Not all early manuscripts, however, favor the Alexandrian text, and few are purely Alexandrian in character. Many early papyri reflect mixture with a more "Western" type of text; but few (if any) scholars today favor the "Western" readings found in such manuscripts. Such rejection, although well-founded, is basically subjective. On a similar basis, the early date and certain "preferred" readings currently cause the minority Alexandrian manuscripts to be favored by critics over against those comprising the Byzantine/Majority Textform.
Many scholars, particularly those from within the "Evangelical" camp, have begun to re-evaluate the authenticity-claims for the Byzantine Textform as opposed to the textual preferences of the past century and a half. The Alexandrian-based critical texts reflect the diverse textual theories held by various critics: a preference for early witnesses (as espoused by Lachmann, Tregelles or Aland); a partiality for a favorite document (as demonstrated by Tischendorf or Westcott and Hort); a "reasoned" eclectic approach (as advocated by Metzger and Fee); and a "rigorous" eclectic approach (as argued for by Kilpatrick and Elliott). The weakness of each of these positions is the subjective preference for either a specific manuscript and its textual allies, for a small group of early manuscripts, and/or for certain types of "internal evidence" regarding a reading's length, difficulty, style, or contextual considerations.
Hort's Basic Contentions
In contrast, the "Byzantine-priority" position simply urges as a primary consideration a return to external evidence, following the sound principles of John W. Burgon, but in agreement with an initial objective principle of F. J. A. Hort. Hort wrote in his "Introduction" volume that
A theoretical presumption indeed remains that a majority of extant documents is more likely to represent a majority of ancestral documents at each stage of transmission than vice versa. [6]

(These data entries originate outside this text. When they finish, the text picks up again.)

(* Let $G$ be a group given by a presentation $\langle X\mid R\rangle$ in which every $x\in X$ satisfies $x^2=e$ and every relation in $R$ has even length. Let $I=X\setminus\{x\}$ for some $x\in X$, and let $w\in G$ with $w\neq e$. Then $w\in {}^{I}G$ if and only if all reduced expressions of $w$ begin with $x$.
   Context: Every $w\in G$ can be written as a product $x_1^{a_1}\cdots x_r^{a_r}$ with $x_j\in X$, $a_j=\pm1$; the length $l(w)$ is the smallest such $r$, and a reduced expression of $w$ is an expression of $w$ as a product of $l(w)$ elements of $X\cup X^{-1}$. The length of a relation $u=v$ ($u,v$ in the free group $F(X)$) is the length of the word $uv^{-1}$ in $F(X)$. For $I\subseteq X$, ${}^{I}G=\{w\in G: l(yw)>l(w)\ \text{for all } y\in I\}$. *)

theory Defs
  imports "HOL-Algebra.Group"
begin

text \<open>Words over X union X^-1: a letter is a pair (y, b); (y, True) stands for y,
  (y, False) stands for y^-1.\<close>

type_synonym 'a word = "('a \<times> bool) list"

definition is_word :: "'a set \<Rightarrow> 'a word \<Rightarrow> bool" where
  "is_word X w \<longleftrightarrow> set w \<subseteq> X \<times> UNIV"

inductive free_equiv :: "'a word \<Rightarrow> 'a word \<Rightarrow> bool" where
  fe_refl: "free_equiv u u"
| fe_sym: "free_equiv u v \<Longrightarrow> free_equiv v u"
| fe_trans: "free_equiv u v \<Longrightarrow> free_equiv v w \<Longrightarrow> free_equiv u w"
| fe_cancel: "free_equiv (u @ [(a, b), (a, \<not> b)] @ v) (u @ v)"

definition free_length :: "'a word \<Rightarrow> nat" where
  "free_length w = (LEAST n. \<exists>w'. free_equiv w w' \<and> length w' = n)"

text \<open>Equality in the group <X | R>, where relators r in R stand for relations r = e.\<close>
inductive pres_equiv :: "'a word set \<Rightarrow> 'a word \<Rightarrow> 'a word \<Rightarrow> bool" for R where
  pe_refl: "pres_equiv R u u"
| pe_sym: "pres_equiv R u v \<Longrightarrow> pres_equiv R v u"
| pe_trans: "pres_equiv R u v \<Longrightarrow> pres_equiv R v w \<Longrightarrow> pres_equiv R u w"
| pe_cancel: "pres_equiv R (u @ [(a, b), (a, \<not> b)] @ v) (u @ v)"
| pe_rel: "r \<in> R \<Longrightarrow> pres_equiv R (u @ r @ v) (u @ v)"

definition eval_word :: "('g, 'm) monoid_scheme \<Rightarrow> ('a \<Rightarrow> 'g) \<Rightarrow> 'a word \<Rightarrow> 'g" where
  "eval_word G f w = foldr (\<lambda>(y, b) acc. (if b then f y else inv\<^bsub>G\<^esub> (f y)) \<otimes>\<^bsub>G\<^esub> acc) w \<one>\<^bsub>G\<^esub>"

definition presentation :: "('g, 'm) monoid_scheme \<Rightarrow> 'a set \<Rightarrow> 'a word set \<Rightarrow> ('a \<Rightarrow> 'g) \<Rightarrow> bool" where
  "presentation G X R f \<longleftrightarrow> group G \<and> f ` X \<subseteq> carrier G \<and> (\<forall>r\<in>R. is_word X r)
     \<and> (\<forall>g\<in>carrier G. \<exists>w. is_word X w \<and> eval_word G f w = g)
     \<and> (\<forall>u v. is_word X u \<longrightarrow> is_word X v \<longrightarrow> (eval_word G f u = eval_word G f v \<longleftrightarrow> pres_equiv R u v))"

definition len :: "('g, 'm) monoid_scheme \<Rightarrow> 'a set \<Rightarrow> ('a \<Rightarrow> 'g) \<Rightarrow> 'g \<Rightarrow> nat" where
  "len G X f g = (LEAST n. \<exists>w. is_word X w \<and> length w = n \<and> eval_word G f w = g)"

definition reduced_expr :: "('g, 'm) monoid_scheme \<Rightarrow> 'a set \<Rightarrow> ('a \<Rightarrow> 'g) \<Rightarrow> 'a word \<Rightarrow> 'g \<Rightarrow> bool" where
  "reduced_expr G X f w g \<longleftrightarrow> is_word X w \<and> eval_word G f w = g \<and> length w = len G X f g"

definition min_left :: "('g, 'm) monoid_scheme \<Rightarrow> 'a set \<Rightarrow> ('a \<Rightarrow> 'g) \<Rightarrow> 'a set \<Rightarrow> 'g set" where
  "min_left G X f I = {w \<in> carrier G. \<forall>y\<in>I. len G X f (f y \<otimes>\<^bsub>G\<^esub> w) > len G X f w}"

end

theory Submission
  imports Defs
begin

text \<open>Left multiplication by a generator y changes the length by at most one, since
  y is an involution. As all relations have even length, the parity of the length of an
  expression depends only on the element it represents, so the length changes by exactly one.
  Hence l(yw) > l(w) fails precisely when l(yw) = l(w) - 1, i.e. when w has a reduced
  expression beginning with y; conversely, deleting the first letter of a reduced expression
  shortens it.\<close>

lemma eval_word_Nil [simp]: "eval_word G f [] = \<one>\<^bsub>G\<^esub>"
  by (simp add: eval_word_def)

lemma eval_word_Cons [simp]:
  "eval_word G f ((y, b) # w) = (if b then f y else inv\<^bsub>G\<^esub> (f y)) \<otimes>\<^bsub>G\<^esub> eval_word G f w"
  by (simp add: eval_word_def)

lemma free_equiv_even_length_iff: "free_equiv u v \<Longrightarrow> even (length u) \<longleftrightarrow> even (length v)"
  by (induction rule: free_equiv.induct) auto

lemma even_length_if_even_free_length:
  assumes "even (free_length r)"
  shows "even (length r)"
proof -
  have "\<exists>r'. free_equiv r r' \<and> length r' = free_length r"
    unfolding free_length_def by (rule LeastI_ex) (use fe_refl in blast)
  then show ?thesis
    using assms free_equiv_even_length_iff by metis
qed

lemma pres_equiv_even_length_iff:
  assumes "\<forall>r\<in>R. even (free_length r)"
  shows "pres_equiv R u v \<Longrightarrow> even (length u) \<longleftrightarrow> even (length v)"
  by (induction rule: pres_equiv.induct) (use assms even_length_if_even_free_length in auto)

locale presented_group =
  fixes G :: "('g, 'm) monoid_scheme" and X :: "'a set" and R :: "'a word set"
    and f :: "'a \<Rightarrow> 'g"
  assumes presentation: "presentation G X R f"
begin

sublocale group G
  using presentation by (simp add: presentation_def)

lemma generator_closed: "y \<in> X \<Longrightarrow> f y \<in> carrier G"
  using presentation by (auto simp: presentation_def)

lemma eval_word_eq_iff:
  "is_word X u \<Longrightarrow> is_word X v \<Longrightarrow> eval_word G f u = eval_word G f v \<longleftrightarrow> pres_equiv R u v"
  using presentation by (simp add: presentation_def)

lemma eval_word_closed: "is_word X w \<Longrightarrow> eval_word G f w \<in> carrier G"
  by (induction w) (auto simp: is_word_def generator_closed)

lemma reduced_expr_exists:
  assumes "g \<in> carrier G"
  shows "\<exists>e. reduced_expr G X f e g"
proof -
  have "\<exists>e. is_word X e \<and> length e = len G X f g \<and> eval_word G f e = g"
    unfolding len_def by (rule LeastI_ex) (use assms presentation in \<open>auto simp: presentation_def\<close>)
  then show ?thesis
    by (auto simp: reduced_expr_def)
qed

lemma len_le_length: "is_word X w \<Longrightarrow> len G X f (eval_word G f w) \<le> length w"
  unfolding len_def by (rule Least_le) auto

lemma len_mult_generator_le:
  assumes "y \<in> X" and "g \<in> carrier G"
  shows "len G X f (f y \<otimes>\<^bsub>G\<^esub> g) \<le> Suc (len G X f g)"
proof -
  obtain e where e: "reduced_expr G X f e g"
    using reduced_expr_exists assms(2) by blast
  then have "is_word X ((y, True) # e)"
    using assms(1) by (auto simp: reduced_expr_def is_word_def)
  from len_le_length[OF this] show ?thesis
    using e by (simp add: reduced_expr_def)
qed

end

locale involutive_presentation = presented_group +
  assumes generator_square_relator: "\<forall>y\<in>X. [(y, True), (y, True)] \<in> R"
begin

lemma generator_mult_self:
  assumes "y \<in> X"
  shows "f y \<otimes>\<^bsub>G\<^esub> f y = \<one>\<^bsub>G\<^esub>"
proof -
  have "pres_equiv R ([] @ [(y, True), (y, True)] @ []) ([] @ [])"
    using assms generator_square_relator pe_rel by blast
  then have "eval_word G f [(y, True), (y, True)] = eval_word G f []"
    using assms by (subst eval_word_eq_iff) (auto simp: is_word_def)
  then show ?thesis
    using assms generator_closed by simp
qed

lemma inv_generator: "y \<in> X \<Longrightarrow> inv\<^bsub>G\<^esub> (f y) = f y"
  using generator_mult_self generator_closed inv_equality by blast

lemma generator_mult_cancel:
  assumes "y \<in> X" and "g \<in> carrier G"
  shows "f y \<otimes>\<^bsub>G\<^esub> (f y \<otimes>\<^bsub>G\<^esub> g) = g"
  using assms generator_closed by (simp add: m_assoc[symmetric] generator_mult_self)

lemma len_mult_hd_less:
  assumes "reduced_expr G X f e w" and "e \<noteq> []"
  shows "len G X f (f (fst (hd e)) \<otimes>\<^bsub>G\<^esub> w) < len G X f w"
proof -
  obtain y b e' where e: "e = (y, b) # e'"
    using assms(2) by (metis list.exhaust prod.exhaust)
  have y: "y \<in> X" and e': "is_word X e'"
    using assms(1) e by (auto simp: reduced_expr_def is_word_def)
  have "w = f y \<otimes>\<^bsub>G\<^esub> eval_word G f e'"
    using assms(1) e inv_generator[OF y] by (cases b) (simp_all add: reduced_expr_def)
  then have "f y \<otimes>\<^bsub>G\<^esub> w = eval_word G f e'"
    using generator_mult_cancel[OF y eval_word_closed[OF e']] by simp
  then show ?thesis
    using len_le_length[OF e'] assms(1) e by (simp add: reduced_expr_def)
qed

lemma reduced_expr_Cons_if_len_less:
  assumes y: "y \<in> X" and g: "g \<in> carrier G"
    and less: "len G X f (f y \<otimes>\<^bsub>G\<^esub> g) < len G X f g"
  shows "\<exists>v. reduced_expr G X f ((y, True) # v) g"
proof -
  have yg: "f y \<otimes>\<^bsub>G\<^esub> g \<in> carrier G"
    using y g generator_closed by simp
  have "len G X f g \<le> Suc (len G X f (f y \<otimes>\<^bsub>G\<^esub> g))"
    using len_mult_generator_le[OF y yg] generator_mult_cancel[OF y g] by simp
  with less have drop: "Suc (len G X f (f y \<otimes>\<^bsub>G\<^esub> g)) = len G X f g"
    by simp
  obtain v where "reduced_expr G X f v (f y \<otimes>\<^bsub>G\<^esub> g)"
    using reduced_expr_exists[OF yg] by blast
  then have "reduced_expr G X f ((y, True) # v) g"
    using y drop generator_mult_cancel[OF y g] by (auto simp: reduced_expr_def is_word_def)
  then show ?thesis ..
qed

end

locale even_presentation = presented_group +
  assumes even_relator: "\<forall>r\<in>R. even (free_length r)"
begin

lemma even_length_eq_if_eval_eq:
  "is_word X u \<Longrightarrow> is_word X v \<Longrightarrow> eval_word G f u = eval_word G f v
    \<Longrightarrow> even (length u) \<longleftrightarrow> even (length v)"
  using eval_word_eq_iff pres_equiv_even_length_iff[OF even_relator] by blast

lemma even_len_mult_generator_iff:
  assumes "y \<in> X" and "g \<in> carrier G"
  shows "even (len G X f (f y \<otimes>\<^bsub>G\<^esub> g)) \<longleftrightarrow> odd (len G X f g)"
proof -
  have yg: "f y \<otimes>\<^bsub>G\<^esub> g \<in> carrier G"
    using assms generator_closed by simp
  obtain u where u: "reduced_expr G X f u g"
    using reduced_expr_exists[OF assms(2)] by blast
  obtain v where v: "reduced_expr G X f v (f y \<otimes>\<^bsub>G\<^esub> g)"
    using reduced_expr_exists[OF yg] by blast
  have "is_word X ((y, True) # u)"
    using assms(1) u by (auto simp: reduced_expr_def is_word_def)
  from even_length_eq_if_eval_eq[OF this, of v] show ?thesis
    using u v by (simp add: reduced_expr_def)
qed

lemma len_mult_generator_neq:
  "y \<in> X \<Longrightarrow> g \<in> carrier G \<Longrightarrow> len G X f (f y \<otimes>\<^bsub>G\<^esub> g) \<noteq> len G X f g"
  using even_len_mult_generator_iff by fastforce

end

theorem lemma3p2:
  fixes G :: "('g, 'm) monoid_scheme" and X :: "'a set" and R :: "'a word set"
    and f :: "'a \<Rightarrow> 'g" and x :: 'a and w :: 'g
  assumes "presentation G X R f"
    and "\<forall>y\<in>X. [(y, True), (y, True)] \<in> R"
    and "\<forall>r\<in>R. even (free_length r)"
    and "x \<in> X"
    and "w \<in> carrier G" and "w \<noteq> \<one>\<^bsub>G\<^esub>"
  shows "w \<in> min_left G X f (X - {x}) \<longleftrightarrow>
         (\<forall>e. reduced_expr G X f e w \<longrightarrow> fst (hd e) = x)"
proof -
  interpret involutive_presentation G X R f
    using assms(1,2) by unfold_locales
  interpret even_presentation G X R f
    using assms(1,3) by unfold_locales
  show ?thesis
  proof (intro iffI allI impI)
    fix e
    assume minimal: "w \<in> min_left G X f (X - {x})" and e: "reduced_expr G X f e w"
    have "e \<noteq> []"
      using e assms(6) by (auto simp: reduced_expr_def)
    then have "fst (hd e) \<in> X"
      using e by (cases e) (auto simp: reduced_expr_def is_word_def)
    moreover have "\<not> len G X f (f (fst (hd e)) \<otimes>\<^bsub>G\<^esub> w) > len G X f w"
      using len_mult_hd_less[OF e \<open>e \<noteq> []\<close>] by simp
    ultimately show "fst (hd e) = x"
      using minimal unfolding min_left_def by blast
  next
    assume hd: "\<forall>e. reduced_expr G X f e w \<longrightarrow> fst (hd e) = x"
    have "len G X f (f y \<otimes>\<^bsub>G\<^esub> w) > len G X f w" if y: "y \<in> X - {x}" for y
    proof (rule ccontr)
      assume "\<not> ?thesis"
      with len_mult_generator_neq[of y w] y assms(5)
      have "len G X f (f y \<otimes>\<^bsub>G\<^esub> w) < len G X f w"
        by auto
      then obtain v where "reduced_expr G X f ((y, True) # v) w"
        using reduced_expr_Cons_if_len_less y assms(5) by blast
      with hd y show False
        by fastforce
    qed
    then show "w \<in> min_left G X f (X - {x})"
      using assms(5) unfolding min_left_def by blast
  qed
qed

end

Yet Hort immediately proclaimed that this objective principle (which would favor "Byzantine/Majority-priority") was too weak in itself to stand "against the smallest tangible evidence of other kinds." Hort's supporting evidence in favor of an Alexandrian priority, however, was deficient, and many of those who today favor an Alexandrian-based text have rejected certain of Hurt's main principles. Hort, however, made it clear that, were his foundation-pillars to be overthrown, his theory would crumble. In such a case, a return to his initial "theoretical presumption" would appear to become the only logical position for textual scholars to hold, namely, that "a majority of extant documents is more likely to represent a majority of ancestral documents," and that thus the Byzantine Textform has a strong claim toward autograph authenticity.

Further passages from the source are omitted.